What has prompted this harsh attitude in the east? In Poland many point to the strong influence of the Roman Catholic Church and populist media outlets such as Radio Maryja, which is renowned for stigmatising gays and lesbians.
This theory may help explain why the Czech Republic is such an exception to the rule and has a much more liberal stance on gay rights. The church has a much looser grip than in Poland.
Katerina Safarikova, of the Czech newspaper Lidove Noviny, argues: "We are one of the least religious nations in eastern Europe. We are a homogenous nation where the vast majority do not attend church. In Poland the fall of Communism cemented the place of the church which had a role in dismantling the system.
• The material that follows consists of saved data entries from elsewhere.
definition charD :: "real \<Rightarrow> real \<Rightarrow> complex \<Rightarrow> real \<Rightarrow> complex" where
  "charD s Y lam t = lam^2 + of_real (pc s Y t) * lam
     + (of_real (qc s) * lam + of_real (cc s Y t)) * exp (- lam * of_real t)
     + of_real (alphac s Y t)"

definition omega_p :: "real \<Rightarrow> real \<Rightarrow> real \<Rightarrow> real" where
  "omega_p s Y t = (let x = xp s Y t in
     sqrt ((- (x^2) + sqrt (x^4 + s^2 * (12 * x^2 - 16 * x + 4))) / 2))"

definition h2 :: "real \<Rightarrow> real \<Rightarrow> real \<Rightarrow> real \<Rightarrow> real" where
  "h2 s Y w t = (let x = xp s Y t in
     (w^2 * (1 + s - x) - (1 - 2 * x) * s * x) / (s * ((1 - 2 * x)^2 + w^2)))"

definition theta :: "real \<Rightarrow> real \<Rightarrow> real \<Rightarrow> real" where
  "theta s Y t = arccos (h2 s Y (omega_p s Y t) t)"

definition crit_delays :: "real \<Rightarrow> real \<Rightarrow> real set" where
  "crit_delays s Y = {t \<in> {0<..<taustar s Y}.
     \<exists>n::nat. t * omega_p s Y t = theta s Y t + 2 * real n * pi}"

end

theory Submission
  imports Defs
begin

(*
  On the imaginary axis, (C) at lambda = i w is the linear system
  [c, -b; b, c] (cos wt, sin wt) = (w^2 - s x, (s + x) w) with x = x_+(t), c = s (1 - 2x), b = s w.
  As (cos wt, sin wt) is a unit vector, w^2 must be the positive root of
  u^2 + x^2 u = s^2 (1 - 3x) (1 - x), i.e. w = omega_+, and then (cos wt, sin wt) = (cos theta, sin theta)
  with sin theta > 0; so imaginary roots occur exactly when t omega_+ = theta + 2 n pi.
  There Im (dC/dlambda) = 2 omega + s sin theta + t (s + x) omega > 0, so the root is simple, and a chord
  iteration (an implicit function theorem for families holomorphic in lambda) gives a differentiable
  root branch with lambda' = - C_t / C_lambda. Differentiating the identities that define omega_+ and
  theta yields Re lambda' = ((t omega_+)' - theta') omega (2 omega^2 + x^2) / |C_lambda|^2.
*)

lemma field_differentiable_bound_affine:
  fixes f :: "'a::real_normed_field \<Rightarrow> 'a"
  assumes "convex S"
    and der: "\<And>z. z \<in> S \<Longrightarrow> (f has_field_derivative f' z) (at z)"
    and bound: "\<And>z. z \<in> S \<Longrightarrow> norm (f' z - d) \<le> B"
    and "x \<in> S" "y \<in> S"
  shows "norm (f x - f y - d * (x - y)) \<le> B * norm (x - y)"
proof -
  have "norm ((f x - d * x) - (f y - d * y)) \<le> B * norm (x - y)"
  proof (rule field_differentiable_bound[OF \<open>convex S\<close>])
    fix z assume "z \<in> S"
    have "((\<lambda>l. f l - d * l) has_field_derivative f' z - d) (at z)"
      using der[OF \<open>z \<in> S\<close>] by (auto intro!: derivative_eq_intros)
    then show "((\<lambda>l. f l - d * l) has_field_derivative f' z - d) (at z within S)"
      by (rule has_field_derivative_at_within)
  qed (use bound assms in auto)
  then show ?thesis by (simp add: algebra_simps)
qed
lemma higher_residues_vanish:
  assumes "n \<ge> 2"
  shows "a $ n $$ (-1) = 0"
proof -
  define W where "W = p1 * sigmaU p2 - p2 * sigmaU p1"
  define M where "M = fps_const J * (liftU (m11 A) + liftU (m22 A)) - a + sigmaU a"
  have W0: "W $ 0 \<noteq> 0"
    using sigma_det_p_nonzero by (simp add: W_def)
  then have "M = M * W * inverse W"
    by (simp add: mult.assoc inverse_mult_eq_1')
  also have "\<dots> = lam * (dsp W * inverse W)"
    using dsp_sigma_det_p by (simp add: W_def M_def mult.assoc)
  finally have "M $ Suc (Suc m) = (dsp W * inverse W) $ Suc m" for m
    by simp
  then have "M $ Suc (Suc m) $$ (-1) = 0" for m
    using residue_dsp_logderiv[OF W0] by simp
  moreover obtain m where "n = Suc (Suc m)"
    using assms by (metis add_2_eq_Suc le_Suc_ex)
  moreover have "(J * (fps_to_fls (m11 A $ n oo Z) + fps_to_fls (m22 A $ n oo Z))) $$ (-1) = 0"
    by (simp add: J_def flip: fls_times_fps_to_fls fps_to_fls_plus)
  ultimately show ?thesis
    by (simp add: M_def sigma_nth)
qed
In the Czech Republic that role was taken by intellectuals."
Communist Poland was closed to international influence, its dogma anything but liberal. "Communism was very prurient, it never recognised gay rights," says one Polish official. "Nowadays in politics and economics there is very little choice on offer between the parties. That means that you can define yourself on social issues: whether your are in favour of abortion or gay rights, for example."
And, while the transition from Communism to capitalism has transformed the lives of many, it has also left large areas of social deprivation. Poland, like several other East European nations has high unemployment, especially among young people.
Cashman argues: "The excuse is religion or traditional values but what kind of religion or traditional values preach discrimination and hatred?
"It is partly to do with the huge influence of the Vatican in some of the new member states. But, equally, where there is high unemployment and social deprivation, extremist politicians will always seek to scapegoat someone."
Nowak agrees, adding: "The Catholic Church is very influential and, within it, there is no discussion. They say we are perverts and that is the end of the discussion. But the politicians have also found, in recent years, that they can build up a position by using homophobia. That explains why it happens."
How long will it be until Europe's new divisions are destroyed, and Polish gays enjoy the same rights as those in the Netherlands? "Maybe 10 or 15 years," says Nowak. "I can't be sure. But it will happen."